THE PROBLEM: Below are several entries. Transcribe exactly those lines that fall from the one with "text \<open>n-qubit vectors" through the one with "nat \<Rightarrow> complex vec).", end lines included.

═══ EXERCISE DATA

(* Let $|\psi\rangle=\sum_jc_j|\phi_j\rangle$ be a normalized $n$-qubit state where the $|\phi_j\rangle$ are stabilizer states, and let $k\ge1$ be an integer. Then one can sample from an ensemble $\rho_1$ such that every sampled pure state has stabilizer rank at most $k$ and $$\|\rho_1-|\psi\rangle\langle\psi|\|_1\le\frac{2\|c\|_1^2}{k}+\sqrt{\mathrm{Var}[\langle\Omega|\Omega\rangle]},$$ where $|\Omega\rangle$ is the random sparsified vector defined below.
   Context: Sparsification: let $|\omega_1\rangle,\dots,|\omega_k\rangle$ be i.i.d. random vectors with $|\omega_\alpha\rangle=(c_j/|c_j|)|\phi_j\rangle$ with probability $|c_j|/\|c\|_1$, and $|\Omega\rangle=\frac{\|c\|_1}{k}\sum_{\alpha=1}^k|\omega_\alpha\rangle$. The ensemble is $\rho_1=\mathbb E\big[|\Omega\rangle\langle\Omega|/\langle\Omega|\Omega\rangle\big]$, sampled by drawing $|\Omega\rangle$ and normalizing. The stabilizer rank of a vector is the minimal number of stabilizer states in a linear decomposition of it. *)

theory Defs
  imports "Jordan_Normal_Form.Schur_Decomposition"
begin

text \<open>n-qubit vectors are complex vectors of dimension 2^n (computational basis
  indexed by 0..2^n-1, bit i of the index = value of qubit i).\<close>

definition qdim :: "nat \<Rightarrow> nat" where "qdim n = 2 ^ n"

text \<open>Pauli operator  i^m X^a Z^b  on n qubits, a b bit-strings encoded as naturals < 2^n:
  (X^a Z^b) |x> = (-1)^(b.x) |x xor a>.\<close>
definition pauli_op :: "nat \<Rightarrow> nat \<Rightarrow> nat \<Rightarrow> nat \<Rightarrow> complex mat" where
  "pauli_op n m a b = mat (qdim n) (qdim n)
     (\<lambda>(r, s). if r = xor s a
               then \<i> ^ m * (-1) ^ card {i. i < n \<and> bit b i \<and> bit s i} else 0)"

definition pauli_group :: "nat \<Rightarrow> complex mat set" where
  "pauli_group n = {pauli_op n m a b | m a b. m < 4 \<and> a < qdim n \<and> b < qdim n}"

definition vnorm :: "complex vec \<Rightarrow> real" where
  "vnorm v = sqrt (\<Sum>i<dim_vec v. (cmod (v $ i))\<^sup>2)"

definition stabilizer_state :: "nat \<Rightarrow> complex vec \<Rightarrow> bool" where
  "stabilizer_state n v \<longleftrightarrow> v \<in> carrier_vec (qdim n) \<and> vnorm v = 1 \<and>
     (\<exists>S. S \<subseteq> pauli_group n \<and> card S = 2 ^ n \<and> (\<forall>P\<in>S. P *\<^sub>v v = v))"

definition stabilizer_rank :: "nat \<Rightarrow> complex vec \<Rightarrow> nat" where
  "stabilizer_rank n v = (LEAST r. \<exists>(a :: nat \<Rightarrow> complex) (\<phi> :: nat \<Rightarrow> complex vec).
      (\<forall>j<r. stabilizer_state n (\<phi> j)) \<and>
      v = vec (qdim n) (\<lambda>i. \<Sum>j<r. a j * \<phi> j $ i))"

definition outer :: "complex vec \<Rightarrow> complex vec \<Rightarrow> complex mat" where
  "outer u v = mat (dim_vec u) (dim_vec v) (\<lambda>(r, s). u $ r * cnj (v $ s))"

text \<open>Schatten 1-norm: sum of singular values, i.e. of square roots of the eigenvalues
  (with algebraic multiplicity) of A^H A.\<close>
definition trace_norm :: "complex mat \<Rightarrow> real" where
  "trace_norm A = (let p = char_poly (mat_adjoint A * A) in
     \<Sum>z\<in>{z. poly p z = 0}. real (order z p) * sqrt (Re z))"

══════

RESULT FOR THIS TASK:
text \<open>n-qubit vectors are complex vectors of dimension 2^n (computational basis
  indexed by 0..2^n-1, bit i of the index = value of qubit i).\<close>

definition qdim :: "nat \<Rightarrow> nat" where "qdim n = 2 ^ n"

text \<open>Pauli operator  i^m X^a Z^b  on n qubits, a b bit-strings encoded as naturals < 2^n:
  (X^a Z^b) |x> = (-1)^(b.x) |x xor a>.\<close>
definition pauli_op :: "nat \<Rightarrow> nat \<Rightarrow> nat \<Rightarrow> nat \<Rightarrow> complex mat" where
  "pauli_op n m a b = mat (qdim n) (qdim n)
     (\<lambda>(r, s). if r = xor s a
               then \<i> ^ m * (-1) ^ card {i. i < n \<and> bit b i \<and> bit s i} else 0)"

definition pauli_group :: "nat \<Rightarrow> complex mat set" where
  "pauli_group n = {pauli_op n m a b | m a b. m < 4 \<and> a < qdim n \<and> b < qdim n}"

definition vnorm :: "complex vec \<Rightarrow> real" where
  "vnorm v = sqrt (\<Sum>i<dim_vec v. (cmod (v $ i))\<^sup>2)"

definition stabilizer_state :: "nat \<Rightarrow> complex vec \<Rightarrow> bool" where
  "stabilizer_state n v \<longleftrightarrow> v \<in> carrier_vec (qdim n) \<and> vnorm v = 1 \<and>
     (\<exists>S. S \<subseteq> pauli_group n \<and> card S = 2 ^ n \<and> (\<forall>P\<in>S. P *\<^sub>v v = v))"

definition stabilizer_rank :: "nat \<Rightarrow> complex vec \<Rightarrow> nat" where
  "stabilizer_rank n v = (LEAST r. \<exists>(a :: nat \<Rightarrow> complex) (\<phi> :: nat \<Rightarrow> complex vec).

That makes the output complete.